lemma U1_memberI:
  fixes p :: "'f::real_vector \<Rightarrow> 'v \<Rightarrow> real"
  assumes "finite G"
    and "(0 < ediv a0 (sqrt (Q f0)) \<and>
          (\<forall>g\<in>G. ediv a0 (sqrt (Q f0)) < ediv (c g) (sqrt (Q (h g)))))
         \<or> (a0 < 0 \<and> (\<forall>g\<in>G. 0 < c g))"
  shows "{v. a0 < p f0 v \<and> (\<forall>g\<in>G. p (h g) v < c g)} \<in> U1 p Q"
proof -
  obtain L where L: "set L = G" using finite_list[OF assms(1)] by blast
  define n where "n = length L"
  define f where "f i = (if i = 0 then f0 else h (L ! (i - 1)))" for i
  define a where "a i = (if i = 0 then a0 else c (L ! (i - 1)))" for i
  have enum: "(\<lambda>i. L ! (i - 1)) ` {1..n} = G"
    unfolding n_def L[symmetric] set_conv_nth by (force simp: image_iff)
  have ball_G: "(\<forall>i\<in>{1..n}. P (L ! (i - 1))) \<longleftrightarrow> (\<forall>g\<in>G. P g)" for P
    by (simp flip: enum)
  have "{v. a0 < p f0 v \<and> (\<forall>g\<in>G. p (h g) v < c g)}
      = {v. p (f 0) v > a 0 \<and> (\<forall>i\<in>{1..n}. p (f i) v < a i)}"
    using ball_G[of "\<lambda>g. p (h g) _ < c g"] by (auto simp: f_def a_def)
  moreover have "(0 < ediv (a 0) (sqrt (Q (f 0))) \<and>
         (\<forall>i\<in>{1..n}. ediv (a 0) (sqrt (Q (f 0))) < ediv (a i) (sqrt (Q (f i)))))
    \<or> (a 0 < 0 \<and> (\<forall>i\<in>{1..n}. 0 < a i))"
    using assms(2) ball_G[of "\<lambda>g. ediv a0 (sqrt (Q f0)) < ediv (c g) (sqrt (Q (h g)))"]
      ball_G[of "\<lambda>g. 0 < c g"] by (auto simp: f_def a_def)
  ultimately show ?thesis unfolding U1_def by blast
qed

lemma U0_U1_open:
  fixes p :: "'f::real_vector \<Rightarrow> 'v::euclidean_space \<Rightarrow> real"
  assumes "bilinear p" and "U \<in> U0 p Q \<union> U1 p Q"
  shows "open U"
proof -
  have cont: "continuous_on UNIV (\<lambda>v. p f v)" for f
    using assms(1) unfolding bilinear_def by (simp add: linear_continuous_on linear_conv_bounded_linear)
  show ?thesis
  proof (cases "U \<in> U0 p Q")
    case True then show ?thesis by (simp add: U0_def)
  next
    case False
    then obtain n f a where U: "U = {v. p (f 0) v > a 0 \<and> (\<forall>i\<in>{1..n::nat}. p (f i) v < a i)}"
      using assms(2) unfolding U1_def by blast
    have "U = {v. a 0 < p (f 0) v} \<inter> (\<Inter>i\<in>{1..n}. {v. p (f i) v < a i})" unfolding U by auto
    moreover have "open {v. a 0 < p (f 0) v}"
      by (rule open_Collect_less) (auto intro: cont continuous_on_const)
    moreover have "open (\<Inter>i\<in>{1..n}. {v. p (f i) v < a i})"
      by (rule open_INT) (auto intro!: open_Collect_less cont continuous_on_const)
    ultimately show ?thesis by auto
  qed
qed

lemma U1_neighbourhood_of_origin:
  fixes p :: "'f::real_vector \<Rightarrow> 'v::real_vector \<Rightarrow> real"
  assumes "bilinear p" and "finite G" and "\<delta> > 0"
  shows "\<exists>S\<in>U1 p Q. 0 \<in> S \<and> S \<subseteq> {v. \<forall>g\<in>G. p g v < p g 0 + \<delta>}"
proof -
  have p0: "p 0 v = 0" "p g 0 = 0" for g v
    by (rule bilinear_lzero[OF assms(1)], rule bilinear_rzero[OF assms(1)])
  define S where "S = {v. - 1 < p 0 v \<and> (\<forall>g\<in>G. p g v < \<delta>)}"
  have "S \<in> U1 p Q"
    unfolding S_def using assms(2,3)
    by (intro U1_memberI[where h = "\<lambda>g. g" and c = "\<lambda>_. \<delta>"] disjI2) simp_all
  moreover have "0 \<in> S" "S \<subseteq> {v. \<forall>g\<in>G. p g v < p g 0 + \<delta>}"
    using assms(3) by (auto simp: S_def p0)
  ultimately show ?thesis by blast
qed

text \<open>Case of a null direction f with p f x \<noteq> 0: after possibly replacing f by -f,
  the neighbourhood is cut by an open half-space of U0.\<close>
lemma U0_neighbourhood_of_null_direction:
  fixes p :: "'f::real_vector \<Rightarrow> 'v::euclidean_space \<Rightarrow> real"
  assumes "bilinear p" and "psd_quadratic_form Q" and "Q f = 0" and "p f x \<noteq> 0"
    and "open W" and "x \<in> W"
  shows "\<exists>S\<in>U0 p Q. x \<in> S \<and> S \<subseteq> W"
proof -
  obtain f' where f': "Q f' = 0" "p f' x > 0"
    using assms(3,4) psd_quadratic_form_polar(4)[OF assms(2), of f] bilinear_lneg[OF assms(1)]
    by (metis neg_0_less_iff_less linorder_neqE_linordered_idom)
  define S where "S = W \<inter> {v. p f' x / 2 < p f' v}"
  have "continuous_on UNIV (\<lambda>v. p f' v)"
    using assms(1) unfolding bilinear_def by (simp add: linear_continuous_on linear_conv_bounded_linear)
  then have "open S" unfolding S_def
    by (intro open_Int assms(5) open_Collect_less continuous_on_const)
  then have "S \<in> U0 p Q" unfolding U0_def S_def using f'
    by (intro CollectI conjI exI[of _ f'] exI[of _ "p f' x / 2"]) auto
  moreover have "x \<in> S" "S \<subseteq> W" using assms(6) f' by (auto simp: S_def)
  ultimately show ?thesis by blast
qed

text \<open>The difference of the two ratios vanishes at s = 0 with derivative 2d/\<surd>q > 0.\<close>
lemma perturbed_ratio_eventually:
  fixes q c d e :: real
  assumes "q > 0" and "d > 0"
  shows "\<forall>\<^sub>F s in at_right 0. 0 < q - s * d \<and> 0 < q + 2 * s * c + s\<^sup>2 * e \<and>
           (q - s * d) / sqrt q < (q + s * (c + d)) / sqrt (q + 2 * s * c + s\<^sup>2 * e)"
proof -
  define h where "h s = (q + s * (c + d)) / sqrt (q + 2 * s * c + s\<^sup>2 * e) - (q - s * d) / sqrt q"
    for s
  have deriv: "(h has_real_derivative 2 * d / sqrt q) (at 0)"
  proof -
    \<comment> \<open>the derivative rules yield the left-hand side; it equals 2d/\<surd>q\<close>
    have "((c + d) * sqrt q - q * (inverse (sqrt q) * c)) / q + d * sqrt q / q = 2 * d / sqrt q"
      using assms(1) by (simp add: field_simps real_sqrt_mult[symmetric])
    then show ?thesis unfolding h_def using assms(1)
      by - (rule derivative_eq_intros refl | simp)+
  qed
  have "2 * d / sqrt q > 0" using assms by simp
  from DERIV_pos_inc_right[OF deriv this]
  obtain r where "r > 0" and incr: "\<And>t. 0 < t \<Longrightarrow> t < r \<Longrightarrow> h 0 < h t"
    by auto
  have ratio: "\<forall>\<^sub>F s in at_right 0. 0 < h s"
    using eventually_at_right_real[OF \<open>r > 0\<close>]
    by eventually_elim (use incr assms(1) in \<open>auto simp: h_def\<close>)
  have "((\<lambda>s. q - s * d) \<longlongrightarrow> q) (at_right 0)"
    and "((\<lambda>s. q + 2 * s * c + s\<^sup>2 * e) \<longlongrightarrow> q) (at_right 0)"
    by (auto intro!: tendsto_eq_intros)
  then have "\<forall>\<^sub>F s in at_right 0. 0 < q - s * d" "\<forall>\<^sub>F s in at_right 0. 0 < q + 2 * s * c + s\<^sup>2 * e"
    using order_tendstoD(1) assms(1) by blast+
  with ratio show ?thesis
    by eventually_elim (auto simp: h_def)
qed
(* Let $a,b\in\mathbb{C}$ with $(a,b)\neq(1,0)$ and $\alpha,\beta,\eta\in\mathbb{C}$ with $\alpha\neq0$. A nontrivial extension $0\to M_{\alpha,\beta}\to E\to\mathbb{C}c_\eta\to0$ of $\mathcal{W}(a,b)$-modules exists if and only if $\beta+\eta=0$ and $\alpha=1$. In this case $\dim\mathrm{Ext}(\mathbb{C}c_{-\beta},M_{1,\beta})=1$, and every nontrivial extension is equivalent to $E=\mathbb{C}[\partial]v\oplus\mathbb{C}c_\eta$ with $$L_\lambda c_\eta=kv,\qquad W_\lambda c_\eta=0,\qquad \partial c_\eta=\eta c_\eta+kv$$ for some nonzero $k\in\mathbb{C}$.
   Context: A conformal module over a Lie conformal algebra $\mathcal{R}$ is a $\mathbb{C}[\partial]$-module $V$ with $\mathbb{C}$-linear maps $\mathcal{R}\otimes V\to V[\lambda]$, $a\otimes v\mapsto a_\lambda v$, such that $(\partial a)_\lambda v=-\lambda a_\lambda v$, $a_\lambda(\partial v)=(\partial+\lambda)a_\lambda v$, and $a_\lambda(b_\mu v)-b_\mu(a_\lambda v)=[a_\lambda b]_{\lambda+\mu}v$. The Lie conformal algebra $\mathcal{W}(a,b)$ is the free $\mathbb{C}[\partial]$-module on $L,W$ with $[L_\lambda L]=(\partial+2\lambda)L$, $[L_\lambda W]=(\partial+a\lambda+b)W$, $[W_\lambda W]=0$. For $(a,b)\neq(1,0)$, $\alpha\neq0$, $M_{\alpha,\beta}=\mathbb{C}[\partial]v$ with $L_\lambda v=(\partial+\alpha\lambda+\beta)v$, $W_\lambda v=0$. $\mathbb{C}c_\eta$ is the one-dimensional module with $\partial c_\eta=\eta c_\eta$ and all $\lambda$-actions zero. An extension is an exact sequence of modules $0\to V\to E\to W\to 0$; equivalence means a module homomorphism between the middle terms compatible with the identities on $V$ and $W$; trivial means equivalent to the direct sum extension. $\mathrm{Ext}(W,V)$ denotes the vector space of equivalence classes of extensions of $W$ by $V$ (cocycles modulo coboundaries). *)

theory Defs
  imports "HOL-Computational_Algebra.Polynomial" "HOL-Library.Product_Plus"
begin

text \<open>A conformal module over W(a,b) on a carrier type: complex scalar multiplication,
  the action of the derivation d (the C[d]-module structure), and the lambda-actions
  of the two free generators L and W (lambda-action as a function of lambda).\<close>

record 'v cmod =
  scl  :: "complex \<Rightarrow> 'v \<Rightarrow> 'v"
  dd   :: "'v \<Rightarrow> 'v"
  actL :: "complex \<Rightarrow> 'v \<Rightarrow> 'v"
  actW :: "complex \<Rightarrow> 'v \<Rightarrow> 'v"

definition lin :: "(complex \<Rightarrow> 'v::ab_group_add \<Rightarrow> 'v) \<Rightarrow> (complex \<Rightarrow> 'w::ab_group_add \<Rightarrow> 'w)
                   \<Rightarrow> ('v \<Rightarrow> 'w) \<Rightarrow> bool" where
  "lin s1 s2 f \<longleftrightarrow> (\<forall>x y. f (x + y) = f x + f y) \<and> (\<forall>c x. f (s1 c x) = s2 c (f x))"

definition is_polyfun :: "(complex \<Rightarrow> 'v::ab_group_add \<Rightarrow> 'v) \<Rightarrow> (complex \<Rightarrow> 'v) \<Rightarrow> bool" where
  "is_polyfun s f \<longleftrightarrow> (\<exists>n c. \<forall>l. f l = (\<Sum>i\<le>n. s (l ^ i) (c i)))"
lemma w_power_h: "w ^ h = -1"
proof -
  have "(w ^ h - 1) * (w ^ h + 1) = w ^ (2 * h) - 1" by (simp add: algebra_simps power_mult power2_eq_square)
  also have "w ^ (2 * h) = 1" using q_minus_1_eq by (intro w_power_eq_1) simp
  finally have "w ^ h = 1 \<or> w ^ h = -1" by (simp add: eq_neg_iff_add_eq_0)
  moreover have "w ^ h \<noteq> 1"
  proof
    assume "w ^ h = 1"
    hence "(q - 1) dvd h" using w_power_eq_1_iff by blast
    thus False using h_pos h_less by (auto dest: dvd_imp_le)
  qed
  ultimately show ?thesis by blast
qed

lemma w_power_h_mult: "w ^ (h * c) = (-1) ^ c"
  by (simp add: power_mult w_power_h)

lemma frobenius_diff_r: "(x - y) ^ r = x ^ r - (y::'a) ^ r"
  using frobenius_diff[OF card_UNIV[unfolded q_def] pos2 r_pp] .

lemma r_minus_1_pos: "r - 1 > 0" using r_ge_3 by simp

lemma power_h_eq_1_if_power_r_eq_self: assumes "x ^ r = x" "x \<noteq> 0" shows "x ^ h = (1::'a)"
proof -
  have rr: "r = Suc (r - 1)" using r_minus_1_pos by simp
  have "x ^ (r - 1) * x = x" using assms(1) by (subst (asm) rr) (simp only: power_Suc2)
  hence "x ^ (r - 1) = 1" using assms(2) by simp
  thus ?thesis by (simp add: h_eq power_mult)
qed

lemma diff_power_h_subfield: assumes "x ^ (r - 1) = 1" "y ^ (r - 1) = 1" "x \<noteq> y" shows "(x - y) ^ h = (1::'a)"
proof -
  have rr: "r = Suc (r - 1)" using r_minus_1_pos by simp
  have "x ^ r = x" using assms(1) by (subst rr) (simp only: power_Suc2, simp)
  moreover have "y ^ r = y" using assms(2) by (subst rr) (simp only: power_Suc2, simp)
  ultimately have "(x - y) ^ r = x - y" by (simp add: frobenius_diff_r)
  thus ?thesis using power_h_eq_1_if_power_r_eq_self assms(3) by simp
qed

lemma power_r_eq_self_if_square_eq_1: assumes "(a::'a) ^ 2 = 1" shows "a ^ r = a"
proof -
  have "r = 2 * (R2 - 1) + 1" using r_plus_1_eq r_ge_3 by linarith
  thus ?thesis using assms by (simp add: power_add power_mult)
qed

lemma power_Suc_r_eq_1D: "(x::'a) ^ (r + 1) = 1 \<Longrightarrow> x ^ r * x = 1"
  by (simp add: power_Suc2[symmetric])
lemma weight3_coords_in_data: "t \<in> ordered_weight3 \<Longrightarrow> weight3_coords t \<in> weight3_data"
proof -
  assume "t \<in> ordered_weight3"
  then obtain d i j k where t: "t = (d, i, j, k)" "(d, i, j, k) \<in> ordered_weight3"
    by (cases t) auto
  note F = ordered_weight3_facts[OF t(2)]
  have "\<alpha> d i + \<alpha> d j = - \<alpha> d k" "\<alpha> d i * \<rho> ^ i + \<alpha> d j * \<rho> ^ j = - (\<alpha> d k * \<rho> ^ k)"
    using F(10,11) by (simp_all add: eq_neg_iff_add_eq_0)
  moreover have "\<rho> ^ j \<noteq> \<rho> ^ i"
    using F(1,2,4) by (simp add: rho_power_inj)
  ultimately show ?thesis
    unfolding t weight3_coords_def weight3_data_def nonzero_Fq_pairs_def
    using F(7-9) alpha_in_Fq by auto
qed

lemma inj_on_weight3_coords: "inj_on weight3_coords ordered_weight3"
proof (rule inj_onI)
  fix t t' assume "t \<in> ordered_weight3" "t' \<in> ordered_weight3" "weight3_coords t = weight3_coords t'"
  then obtain d i j k d' i' j' k' where t: "t = (d, i, j, k)" "t' = (d', i', j', k')"
    and mem: "(d, i, j, k) \<in> ordered_weight3" "(d', i', j', k') \<in> ordered_weight3"
    and eq: "\<rho> ^ i = \<rho> ^ i'" "\<rho> ^ j = \<rho> ^ j'" "\<alpha> d i = \<alpha> d' i'" "\<alpha> d j = \<alpha> d' j'"
    by (cases t, cases t') (auto simp: weight3_coords_def)
  note F = ordered_weight3_facts[OF mem(1)] and F' = ordered_weight3_facts[OF mem(2)]
  have ii: "i' = i" and jj: "j' = j"
    using eq(1,2) F(1,2) F'(1,2) by (simp_all add: rho_power_inj)
  have ak: "\<alpha> d k = \<alpha> d' k'"
    using F(10) F'(10) eq(3,4) by (simp add: add_eq_0_iff)
  moreover have "\<alpha> d k * \<rho> ^ k = \<alpha> d' k' * \<rho> ^ k'"
    using F(11) F'(11) eq by (simp add: add_eq_0_iff)
  ultimately have kk: "k' = k"
    using F(3,9) F'(3) by (simp add: rho_power_inj)
  have "coeff d l = coeff d' l" for l
  proof (cases "l \<in> {i, j, k}")
    case True
    then show ?thesis
      using eq(3,4) ak ii jj kk by (auto simp: \<alpha>_def)
  next
    case False
    then show ?thesis
      using F(12) F'(12) ii jj kk by simp
  qed
  then show "t = t'"
    unfolding t by (simp add: poly_eq_iff ii jj kk)
qed

lemma weight3_data_subset_image: "weight3_data \<subseteq> weight3_coords ` ordered_weight3"
proof
  fix x assume "x \<in> weight3_data"
  then obtain a1 a2 y1 y2 where x: "x = ((a1, a2), y1, y2)" and
    a: "a1 \<in> Fq - {0}" "a2 \<in> Fq - {0}" "a1 + a2 \<noteq> 0" and
    y: "y1 \<noteq> 0" "y2 \<noteq> 0" "y2 \<noteq> y1" "a1 * y1 + a2 * y2 \<noteq> 0"
    unfolding weight3_data_def nonzero_Fq_pairs_def by auto
  define y3 where "y3 = (a1 * y1 + a2 * y2) / (a1 + a2)"
  have "y3 \<noteq> 0"
    using a y unfolding y3_def by simp
  have "y3 \<noteq> y1" "y3 \<noteq> y2"
    using a y unfolding y3_def by (auto simp: field_simps)
  obtain i where i: "i < n" "y1 = \<rho> ^ i"
    by (rule nonzero_eq_rho_power[OF y(1)])
  obtain j where j: "j < n" "y2 = \<rho> ^ j"
    by (rule nonzero_eq_rho_power[OF y(2)])
  obtain k where k: "k < n" "y3 = \<rho> ^ k"
    by (rule nonzero_eq_rho_power[OF \<open>y3 \<noteq> 0\<close>])
  have distinct: "i \<noteq> j" "i \<noteq> k" "j \<noteq> k"
    using i j k y(3) \<open>y3 \<noteq> y1\<close> \<open>y3 \<noteq> y2\<close> by auto
  have a3: "- (a1 + a2) \<in> Fq - {0}"
    using a unfolding Diff_iff singleton_iff neg_equal_0_iff_equal by (blast intro: Fq_uminus Fq_add)
  have "a1 + a2 + - (a1 + a2) = 0"
    by (rule right_minus)
  moreover have "a1 * \<rho> ^ i + a2 * \<rho> ^ j + - (a1 + a2) * \<rho> ^ k = 0"
    using a unfolding i(2)[symmetric] j(2)[symmetric] k(2)[symmetric] y3_def by (simp add: field_simps)
  ultimately obtain d where "(d, i, j, k) \<in> ordered_weight3" "\<alpha> d i = a1" "\<alpha> d j = a2"
    by (rule ordered_weight3_exists[OF i(1) j(1) k(1) distinct a(1,2) a3])
  then show "x \<in> weight3_coords ` ordered_weight3"
    unfolding x weight3_coords_def using i(2) j(2) by force
qed

lemma weight_freq_dual_3: "6 * weight_freq n D 3 = (q - 1) * (q - 2) * (n * (n - 2))"
proof -
  have "weight3_coords ` ordered_weight3 = weight3_data"
    using weight3_coords_in_data weight3_data_subset_image by blast
  then have "card ordered_weight3 = card weight3_data"
    using card_image[OF inj_on_weight3_coords] by simp
  then show ?thesis
    by (simp add: card_ordered_weight3 card_weight3_data)
qed

lemma min_dist_dual:
  assumes "2 < q"
  shows "min_dist n D = 3"
proof -
  have "n - 2 > 0" "q - 1 > 0" "q - 2 > 0"
    using assms q_less_n by simp_all
  then have "weight_freq n D 3 \<noteq> 0"
    using weight_freq_dual_3 n_pos by (metis mult_is_0 not_less0)
  then obtain d where "d \<in> D" "hamming_wt n d = 3"
    unfolding weight_freq_def by (metis (mono_tags, lifting) card.empty empty_Collect_eq)
  moreover from this have "d \<noteq> 0"
    by (auto simp: hamming_wt_def)
  ultimately show ?thesis
    using dual_weight_ge_3 by (intro min_dist_eqI) auto
qed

============================================================

| PROBLEM STATEMENT |
Write out, unaltered, the lines from the opening of the listing through the line that includes "then obtain n".

| OUTPUT |
lemma U1_memberI:
  fixes p :: "'f::real_vector \<Rightarrow> 'v \<Rightarrow> real"
  assumes "finite G"
    and "(0 < ediv a0 (sqrt (Q f0)) \<and>
          (\<forall>g\<in>G. ediv a0 (sqrt (Q f0)) < ediv (c g) (sqrt (Q (h g)))))
         \<or> (a0 < 0 \<and> (\<forall>g\<in>G. 0 < c g))"
  shows "{v. a0 < p f0 v \<and> (\<forall>g\<in>G. p (h g) v < c g)} \<in> U1 p Q"
proof -
  obtain L where L: "set L = G" using finite_list[OF assms(1)] by blast
  define n where "n = length L"
  define f where "f i = (if i = 0 then f0 else h (L ! (i - 1)))" for i
  define a where "a i = (if i = 0 then a0 else c (L ! (i - 1)))" for i
  have enum: "(\<lambda>i. L ! (i - 1)) ` {1..n} = G"
    unfolding n_def L[symmetric] set_conv_nth by (force simp: image_iff)
  have ball_G: "(\<forall>i\<in>{1..n}. P (L ! (i - 1))) \<longleftrightarrow> (\<forall>g\<in>G. P g)" for P
    by (simp flip: enum)
  have "{v. a0 < p f0 v \<and> (\<forall>g\<in>G. p (h g) v < c g)}
      = {v. p (f 0) v > a 0 \<and> (\<forall>i\<in>{1..n}. p (f i) v < a i)}"
    using ball_G[of "\<lambda>g. p (h g) _ < c g"] by (auto simp: f_def a_def)
  moreover have "(0 < ediv (a 0) (sqrt (Q (f 0))) \<and>
         (\<forall>i\<in>{1..n}. ediv (a 0) (sqrt (Q (f 0))) < ediv (a i) (sqrt (Q (f i)))))
    \<or> (a 0 < 0 \<and> (\<forall>i\<in>{1..n}. 0 < a i))"
    using assms(2) ball_G[of "\<lambda>g. ediv a0 (sqrt (Q f0)) < ediv (c g) (sqrt (Q (h g)))"]
      ball_G[of "\<lambda>g. 0 < c g"] by (auto simp: f_def a_def)
  ultimately show ?thesis unfolding U1_def by blast
qed

lemma U0_U1_open:
  fixes p :: "'f::real_vector \<Rightarrow> 'v::euclidean_space \<Rightarrow> real"
  assumes "bilinear p" and "U \<in> U0 p Q \<union> U1 p Q"
  shows "open U"
proof -
  have cont: "continuous_on UNIV (\<lambda>v. p f v)" for f
    using assms(1) unfolding bilinear_def by (simp add: linear_continuous_on linear_conv_bounded_linear)
  show ?thesis
  proof (cases "U \<in> U0 p Q")
    case True then show ?thesis by (simp add: U0_def)
  next
    case False
    then obtain n f a where U: "U = {v. p (f 0) v > a 0 \<and> (\<forall>i\<in>{1..n::nat}. p (f i) v < a i)}"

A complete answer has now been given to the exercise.